Stored items:
(* Fix $x_1,\dots,x_V\in\mathcal X$ and a class $\mathcal G$ of functions $\mathcal X\to[\kappa]$. Let $\mathcal M$ be a set of $V\times\kappa$ matrices such that every $M\in\mathcal M$ satisfies $M_{t,k}\in[0,1]$ and $\sum_{k=1}^\kappa M_{t,k}\le1$ for all $t\in[V]$, $k\in[\kappa]$, and suppose $\mathcal M_{\mathcal G}\subseteq\mathcal M$, where $\mathcal M_{\mathcal G}=\{M_f:f\in\mathcal G\}$ with $(M_f)_{t,k}=\mathbf 1\{f(x_t)=k\}$. Then the relaxation $$\mathbf{Rel}(\mathcal G\mid y_{1:t})=\mathbb E_{\boldsymbol\epsilon_{t+1:V}}\Big[\sup_{M\in\mathcal M}\Big\{2\sum_{j=t+1}^V\sum_{k=1}^\kappa\boldsymbol\epsilon_{j,k}M_{j,k}+\sum_{i=1}^tM_{i,y_i}\Big\}\Big]-t$$ is admissible for prediction with respect to $\mathcal G$, where $\boldsymbol\epsilon_{t+1},\dots,\boldsymbol\epsilon_V\in\{-1,1\}^\kappa$ are vectors of independent Rademacher random variables and $\boldsymbol\epsilon_{j,k}$ is the $k$-th coordinate of $\boldsymbol\epsilon_j$. Moreover, the randomized strategy which at round $t$ draws $\boldsymbol\epsilon_{t+1:V}$ and predicts $\widehat y_t\sim\widehat q_t(\boldsymbol\epsilon_{t+1:V})$, where $$\widehat q_t(\boldsymbol\epsilon_{t+1:V})=\operatorname*{argmin}_{q\in\Delta([\kappa])}\ \sup_{y_t\in[\kappa]}\Big\{1-q[y_t]+\sup_{M\in\mathcal M}\Big\{2\sum_{j=t+1}^V\sum_{k=1}^\kappa\boldsymbol\epsilon_{j,k}M_{j,k}+\sum_{s=1}^tM_{s,y_s}\Big\}-t\Big\},$$ satisfies, for every $t\in[V]$ and every $y_{1:t-1}$, $\max_{y_t\in[\kappa]}\{\mathbb E[\ell(\widehat y_t,y_t)]+\mathbf{Rel}(\mathcal G\mid y_{1:t})\}\le\mathbf{Rel}(\mathcal G\mid y_{1:t-1})$, the expectation being over $\boldsymbol\epsilon_{t+1:V}$ and $\widehat y_t$.
   Context: Notation: $[n]=\{1,\dots,n\}$, $a_{1:t}=(a_1,\dots,a_t)$, $\Delta(A)$ is the set of probability distributions on $A$, and for $q\in\Delta([\kappa])$, $q[y]$ is the probability of $y$. The loss is $\ell(\widehat y,y)=\mathbf 1\{\widehat y\ne y\}$, labels $y_t\in[\kappa]$. Admissibility: given fixed $x_{1:V}$ and a class $\mathcal G$ of functions $\mathcal X\to[\kappa]$, a collection of real functions $\mathbf{Rel}(\mathcal G\mid y_{1:t})$, $t=0,\dots,V$ (with $y_{1:0}=\emptyset$), is admissible if (i) for all $y_{1:V}$, $\mathbf{Rel}(\mathcal G\mid y_{1:V})\ge-\inf_{f\in\mathcal G}\sum_{t=1}^V\ell(f(x_t),y_t)$, and (ii) for all $t\in[V]$ and $y_{1:t-1}$, $\inf_{q\in\Delta([\kappa])}\sup_{y_t\in[\kappa]}\{\mathbb E_{\widehat y_t\sim q}\ell(\widehat y_t,y_t)+\mathbf{Rel}(\mathcal G\mid y_{1:t})\}\le \mathbf{Rel}(\mathcal G\mid y_{1:t-1})$. *)

theory Defs
  imports Complex_Main "HOL-Library.FuncSet"
begin

definition loss :: "nat \<Rightarrow> nat \<Rightarrow> real" where
  "loss yhat y = (if yhat \<noteq> y then 1 else 0)"

definition simplex :: "nat \<Rightarrow> (nat \<Rightarrow> real) set" where
  "simplex \<kappa> = {q. (\<forall>k. 0 \<le> q k) \<and> (\<forall>k. k \<notin> {1..\<kappa>} \<longrightarrow> q k = 0)
                   \<and> (\<Sum>k\<in>{1..\<kappa>}. q k) = 1}"

definition exp_loss :: "nat \<Rightarrow> (nat \<Rightarrow> real) \<Rightarrow> nat \<Rightarrow> real" where
  "exp_loss \<kappa> q y = (\<Sum>k\<in>{1..\<kappa>}. q k * loss k y)"

text \<open>Admissibility. Label sequences y_{1:t} are lists of length t, y_i = ys ! (i-1);
  the inputs x_1..x_V are x 1, ..., x V.\<close>
definition admissible ::
  "nat \<Rightarrow> nat \<Rightarrow> (nat \<Rightarrow> 'x) \<Rightarrow> ('x \<Rightarrow> nat) set \<Rightarrow> (nat list \<Rightarrow> real) \<Rightarrow> bool" where
  "admissible V \<kappa> x G Rel \<longleftrightarrow>
     (\<forall>ys. length ys = V \<and> set ys \<subseteq> {1..\<kappa>} \<longrightarrow>
        Rel ys \<ge> - (INF f\<in>G. (\<Sum>t\<in>{1..V}. loss (f (x t)) (ys ! (t - 1))))) \<and>
     (\<forall>t\<in>{1..V}. \<forall>ys. length ys = t - 1 \<and> set ys \<subseteq> {1..\<kappa>} \<longrightarrow>
        (INF q\<in>simplex \<kappa>. SUP yt\<in>{1..\<kappa>}. exp_loss \<kappa> q yt + Rel (ys @ [yt])) \<le> Rel ys)"

text \<open>Sign patterns eps_{t+1:V}: eps (j,k) for j in {t+1..V}, k in {1..kappa};
  the uniform distribution on this finite set is the law of independent Rademachers.\<close>
definition rad_set :: "nat \<Rightarrow> nat \<Rightarrow> nat \<Rightarrow> (nat \<times> nat \<Rightarrow> real) set" where
  "rad_set V \<kappa> t = PiE ({Suc t..V} \<times> {1..\<kappa>}) (\<lambda>_. {-1, 1})"

definition rel_obj :: "nat \<Rightarrow> nat \<Rightarrow> (nat \<times> nat \<Rightarrow> real) \<Rightarrow> nat list \<Rightarrow> (nat \<Rightarrow> nat \<Rightarrow> real) \<Rightarrow> real" where
  "rel_obj V \<kappa> \<epsilon> ys M =
     2 * (\<Sum>j\<in>{Suc (length ys)..V}. \<Sum>k\<in>{1..\<kappa>}. \<epsilon> (j, k) * M j k)
     + (\<Sum>i\<in>{1..length ys}. M i (ys ! (i - 1)))"

definition Rel :: "nat \<Rightarrow> nat \<Rightarrow> (nat \<Rightarrow> nat \<Rightarrow> real) set \<Rightarrow> nat list \<Rightarrow> real" where
  "Rel V \<kappa> Ms ys =
     (\<Sum>\<epsilon>\<in>rad_set V \<kappa> (length ys). (SUP M\<in>Ms. rel_obj V \<kappa> \<epsilon> ys M))
       / real (card (rad_set V \<kappa> (length ys))) - real (length ys)"

text \<open>Objective minimized by qhat_t: sup over y_t of 1 - q[y_t] + sup_M {...} - t,
  where ys = y_{1:t-1} and t = length ys + 1.\<close>
definition strat_obj :: "nat \<Rightarrow> nat \<Rightarrow> (nat \<Rightarrow> nat \<Rightarrow> real) set \<Rightarrow> nat list
    \<Rightarrow> (nat \<times> nat \<Rightarrow> real) \<Rightarrow> (nat \<Rightarrow> real) \<Rightarrow> real" where
  "strat_obj V \<kappa> Ms ys \<epsilon> q =
     (SUP yt\<in>{1..\<kappa>}. 1 - q yt + (SUP M\<in>Ms. rel_obj V \<kappa> \<epsilon> (ys @ [yt]) M)
        - real (Suc (length ys)))"

end

theory Submission
  imports Defs
begin

text \<open>Fix the past labels and the signs of all rows after t. The relaxation objective is then
  \<open>A M + \<Sum>\<^sub>k v\<^sub>k M\<^sub>t\<^sub>,\<^sub>k\<close>, and its supremum \<open>h(v)\<close> over \<open>M\<close> is convex in \<open>v\<close>. Playing label \<open>y\<close> at
  round t contributes \<open>h(e\<^sub>y)\<close>, while the relaxation at round t - 1 averages \<open>h(2\<sigma>)\<close> over sign
  vectors \<open>\<sigma>\<close>. Admissibility therefore reduces to finding \<open>q\<close> in the simplex with
  \<open>q(y) \<ge> h(e\<^sub>y) - E h(2\<sigma>)\<close>, i.e. to \<open>\<Sum>\<^sub>y (h(e\<^sub>y) - E h(2\<sigma>))\<^sub>+ \<le> 1\<close>. By convexity, conditioning
  on two coordinates of \<open>\<sigma>\<close> and symmetrizing gives \<open>h(e\<^sub>y - e\<^sub>y\<^sub>') + h(e\<^sub>y\<^sub>' - e\<^sub>y) \<le> 2 E h(2\<sigma>)\<close>;
  since rows of \<open>M\<close> sum to at most 1, \<open>h(e\<^sub>y)\<close> exceeds the average of \<open>h(e\<^sub>y - e\<^sub>y\<^sub>')\<close> over
  \<open>y' \<in> Y\<close> by at most \<open>1/|Y|\<close>, and summing over \<open>y \<in> Y\<close> gives the claim.
  The per-sign predictions are then averaged over the signs of the later rows; the minimizer
  \<open>q\<^sub>t\<close> does at least as well for each sign pattern.\<close>

abbreviation sign_vectors :: "nat \<Rightarrow> (nat \<Rightarrow> real) set" where
  "sign_vectors \<kappa> \<equiv> PiE {1..\<kappa>} (\<lambda>_. {-1, 1})"

lemma card_sign_vectors_pos: "0 < real (card (sign_vectors \<kappa>))"
  by (simp add: card_PiE)

definition flip_signs :: "nat set \<Rightarrow> (nat \<Rightarrow> real) \<Rightarrow> nat \<Rightarrow> real" where
  "flip_signs F \<sigma> = (\<lambda>k. if k \<in> F then - \<sigma> k else \<sigma> k)"

lemma flip_signs_flip_signs [simp]: "flip_signs F (flip_signs F \<sigma>) = \<sigma>"
  by (auto simp: flip_signs_def)

lemma flip_signs_in_sign_vectors:
  "F \<subseteq> {1..\<kappa>} \<Longrightarrow> \<sigma> \<in> sign_vectors \<kappa> \<Longrightarrow> flip_signs F \<sigma> \<in> sign_vectors \<kappa>"
  unfolding flip_signs_def PiE_iff extensional_def by auto

lemma sum_sign_vectors_flip_signs:
  assumes "F \<subseteq> {1..\<kappa>}"
  shows "(\<Sum>\<sigma>\<in>sign_vectors \<kappa>. f (flip_signs F \<sigma>)) = (\<Sum>\<sigma>\<in>sign_vectors \<kappa>. f \<sigma>)"
proof (rule sum.reindex_bij_witness[where i = "flip_signs F" and j = "flip_signs F"])
  fix \<sigma> assume "\<sigma> \<in> sign_vectors \<kappa>"
  then show "flip_signs F \<sigma> \<in> sign_vectors \<kappa>" by (rule flip_signs_in_sign_vectors[OF assms])
next
  fix \<sigma> assume "\<sigma> \<in> sign_vectors \<kappa>"
  then show "flip_signs F \<sigma> \<in> sign_vectors \<kappa>" by (rule flip_signs_in_sign_vectors[OF assms])
qed simp_all

lemma sum_sign_vectors_two_coords:
  fixes f :: "real \<Rightarrow> real \<Rightarrow> real"
  assumes y: "y \<in> {1..\<kappa>}" and y': "y' \<in> {1..\<kappa>}" and ne: "y \<noteq> y'"
  shows "4 * (\<Sum>\<sigma>\<in>sign_vectors \<kappa>. f (\<sigma> y) (\<sigma> y'))
    = real (card (sign_vectors \<kappa>)) * (f 1 1 + f (-1) 1 + f 1 (-1) + f (-1) (-1))"
proof -
  let ?G = "\<lambda>\<sigma>. f (\<sigma> y) (\<sigma> y')"
  have orbit: "?G \<sigma> + ?G (flip_signs {y} \<sigma>) + ?G (flip_signs {y'} \<sigma>)
      + ?G (flip_signs {y} (flip_signs {y'} \<sigma>)) = f 1 1 + f (-1) 1 + f 1 (-1) + f (-1) (-1)"
    if "\<sigma> \<in> sign_vectors \<kappa>" for \<sigma>
  proof -
    have "\<sigma> y \<in> {-1, 1}" "\<sigma> y' \<in> {-1, 1}" using that y y' by (auto simp: PiE_iff)
    then show ?thesis using ne by (auto simp: flip_signs_def)
  qed
  have "4 * (\<Sum>\<sigma>\<in>sign_vectors \<kappa>. ?G \<sigma>) = (\<Sum>\<sigma>\<in>sign_vectors \<kappa>. ?G \<sigma> + ?G (flip_signs {y} \<sigma>)
      + ?G (flip_signs {y'} \<sigma>) + ?G (flip_signs {y} (flip_signs {y'} \<sigma>)))"
    using sum_sign_vectors_flip_signs[of "{y}" \<kappa> ?G] sum_sign_vectors_flip_signs[of "{y'}" \<kappa> ?G]
      sum_sign_vectors_flip_signs[of "{y'}" \<kappa> "\<lambda>\<sigma>. ?G (flip_signs {y} \<sigma>)"] y y'
    by (simp add: sum.distrib)
  also have "\<dots> = card (sign_vectors \<kappa>) * (f 1 1 + f (-1) 1 + f 1 (-1) + f (-1) (-1))"
    using orbit by simp
  finally show ?thesis .
qed

definition unit_vec :: "nat \<Rightarrow> nat \<Rightarrow> real" where
  "unit_vec y = (\<lambda>k. if k = y then 1 else 0)"

lemma sum_unit_vec_mult:
  "y \<in> {1..\<kappa>} \<Longrightarrow> (\<Sum>k\<in>{1..\<kappa>}. unit_vec y k * a k) = a y"
  unfolding unit_vec_def by (simp add: if_distrib[where f = "\<lambda>c. c * _"] cong: if_cong)

lemma mult_le_abs_of_unit_interval: "0 \<le> (b::real) \<Longrightarrow> b \<le> 1 \<Longrightarrow> a * b \<le> \<bar>a\<bar>"
proof -
  assume b: "0 \<le> b" "b \<le> 1"
  have "a * b \<le> \<bar>a\<bar> * b" using b by (intro mult_right_mono) simp_all
  also have "\<dots> \<le> \<bar>a\<bar>" using b by (intro mult_left_le) simp_all
  finally show ?thesis .
qed

lemma simplex_dominating_exists:
  assumes "1 \<le> \<kappa>" and "(\<Sum>k\<in>{1..\<kappa>}. max 0 (b k)) \<le> 1"
  shows "\<exists>q\<in>simplex \<kappa>. \<forall>y\<in>{1..\<kappa>}. b y \<le> q y"
proof -
  define s where "s = (\<Sum>k\<in>{1..\<kappa>}. max 0 (b k))"
  define q where "q k = (if k \<in> {1..\<kappa>} then max 0 (b k) + (1 - s) / \<kappa> else 0)" for k
  have \<kappa>: "real \<kappa> > 0" using assms(1) by simp
  have slack: "0 \<le> (1 - s) / \<kappa>"
    using assms(2) \<kappa> by (simp add: s_def)
  have "(\<Sum>k\<in>{1..\<kappa>}. q k) = 1"
    using \<kappa> by (simp add: q_def sum.distrib s_def)
  then have "q \<in> simplex \<kappa>"
    using slack by (simp add: simplex_def q_def)
  moreover have "b y \<le> q y" if "y \<in> {1..\<kappa>}" for y
    using that slack by (simp add: q_def)
  ultimately show ?thesis by blast
qed
(* An $L$-topological space $X$ is a strictly injective $T_0$ $L$-topological space if and only if $X$ is $L$-sober.
   Context: $L$ is a frame. An $L$-topology on $X$ is $\mathcal O(X)\subseteq L^X$ closed under finite meets and arbitrary joins containing all constant maps $a_X$; $f$ continuous if $f^\leftarrow(B)=B\circ f$ is open for all open $B$. $T_0$: $A(x)=A(y)$ for all open $A$ implies $x=y$. A map $f:Y\to Z$ is a quasihomeomorphism if $f^\leftarrow:\mathcal O(Z)\to\mathcal O(Y)$ is a bijection; a subspace embedding if it is injective and $\mathcal O(Y)=\{B\circ f:B\in\mathcal O(Z)\}$; a strict embedding if it is both. A $T_0$ space $X$ is strictly injective if for every strict embedding $j:Y\to Z$ between $T_0$ $L$-topological spaces and every continuous $f:Y\to X$ there is a continuous $g:Z\to X$ with $g\circ j=f$. A point of $\mathcal O(X)$ is $p:\mathcal O(X)\to L$ preserving binary meets and arbitrary joins with $p(\lambda_X)=\lambda$; $[x](A)=A(x)$; $X$ is $L$-sober if $x\mapsto[x]$ is a bijection from $X$ onto the set of points of $\mathcal O(X)$. *)

theory Defs
  imports Main
begin

text \<open>L-topological spaces are represented by a carrier set X :: 'a set together with a
set OX of L-valued functions 'a => 'l.  Functions are kept extensional: they are bot
outside the carrier.\<close>

definition frame :: "'l::complete_lattice itself \<Rightarrow> bool" where
  "frame _ \<longleftrightarrow> (\<forall>(a::'l) S. inf a (Sup S) = Sup ((inf a) ` S))"
theorem proposition3p2:
  fixes d :: "nat \<Rightarrow> real" and F h0 h1 h2 :: "complex \<Rightarrow> complex"
    and C1 C2 \<delta> :: real and n :: nat
  assumes d_init: "d 0 = 72" "d 1 = 1932" "d 2 = 31248" "d 3 = 790101 / 2"
      "d 4 = 17208645 / 4" "d 5 = 338898609 / 8" "d 6 = 1551478257 / 4"
    and d_rec: "\<And>m. (\<Sum>k\<le>7. rcoef k m * d (m + k)) = 0"
    and F_hol: "F holomorphic_on Delta"
    and F_series: "\<And>z. norm z < rho \<Longrightarrow> (\<lambda>m. of_real (d m) * z ^ m) sums F z"
    and h_hol: "h0 holomorphic_on ball (of_real rho) rho"
      "h1 holomorphic_on ball (of_real rho) rho"
      "h2 holomorphic_on ball (of_real rho) rho"
    and decomp: "\<And>z. z \<in> Delta \<inter> ball (of_real rho) rho \<Longrightarrow>
        F z = ell C1 C2 z + (h0 z + h1 z * Ln (1 / (1 - z / of_real rho))
              + h2 z * (Ln (1 / (1 - z / of_real rho))) ^ 2) / (z - of_real rho) ^ 3"
    and C1_bd: "0.0598 - 479 / 10000000 \<le> C1" "C1 \<le> 0.0598 + 479 / 10000000"
    and C2_bd: "0.0420 - 314 / 10000000 \<le> C2" "C2 \<le> 0.0420 + 314 / 10000000"
    and \<delta>: "0 < \<delta>" "\<delta> < rho"
  shows "Im (contour_integral (circlepath 0 \<delta>) (\<lambda>z. ell C1 C2 z / z ^ (n + 1)) / (2 * of_real pi * \<i>)) = 0
       \<and> Re (contour_integral (circlepath 0 \<delta>) (\<lambda>z. ell C1 C2 z / z ^ (n + 1)) / (2 * of_real pi * \<i>))
         \<ge> (if n = 0 then 0 else rho powr (- real n) * real n ^ 3 * (8.07 * ln (real n) + 1.37))"
proof -
  (* The integral is an explicit Taylor coefficient of ell, so only the lower bounds on C1 and C2
     enter; the hypotheses on d, F and h0, h1, h2 only describe where ell comes from. *)
  define c where "c = real ((n + 3) choose n) * (C1 + C2 * (harm (n + 3) - harm 3))"
  have integral: "contour_integral (circlepath 0 \<delta>) (\<lambda>z. ell C1 C2 z / z ^ (n + 1)) / (2 * of_real pi * \<i>)
      = of_real (c / rho ^ (n + 4))"
    unfolding c_def by (rule ell_contour_integral[OF \<delta>])
  have "(if n = 0 then 0 else rho powr (- real n) * real n ^ 3 * (8.07 * ln (real n) + 1.37)) \<le> c / rho ^ (n + 4)"
  proof (cases "n = 0")
    case True
    have "0 \<le> c"
      using C1_bd(1) C2_bd(1) unfolding c_def by (simp add: harm_mono)
    then show ?thesis
      using True rho_pos by simp
  next
    case False
    have "c / rho ^ (n + 4) = rho powr (- real n) * (inverse (rho ^ 4) * c)"
      using rho_pos by (simp add: powr_minus powr_realpow power_add divide_inverse)
    also have "\<dots> = rho powr (- real n) * ((577 + 408 * sqrt 2) * c)"
      unfolding inverse_rho_pow4 ..
    also have "\<dots> \<ge> rho powr (- real n) * (real n ^ 3 * (8.07 * ln (real n) + 1.37))"
      using singular_coefficient_lower_bound[OF _ C1_bd(1) C2_bd(1), of n] False
      unfolding c_def by (intro mult_left_mono) (auto simp: mult.assoc)
    finally show ?thesis
      using False by (simp add: mult.assoc)
  qed
  then show ?thesis
    unfolding integral by simp
qed

end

• To do:
Among the lines of the data, which ones contain the word "rule"? Show them.

• Result of the exercise:
proof (rule sum.reindex_bij_witness[where i = "flip_signs F" and j = "flip_signs F"])
  then show "flip_signs F \<sigma> \<in> sign_vectors \<kappa>" by (rule flip_signs_in_sign_vectors[OF assms])
  then show "flip_signs F \<sigma> \<in> sign_vectors \<kappa>" by (rule flip_signs_in_sign_vectors[OF assms])
    unfolding c_def by (rule ell_contour_integral[OF \<delta>])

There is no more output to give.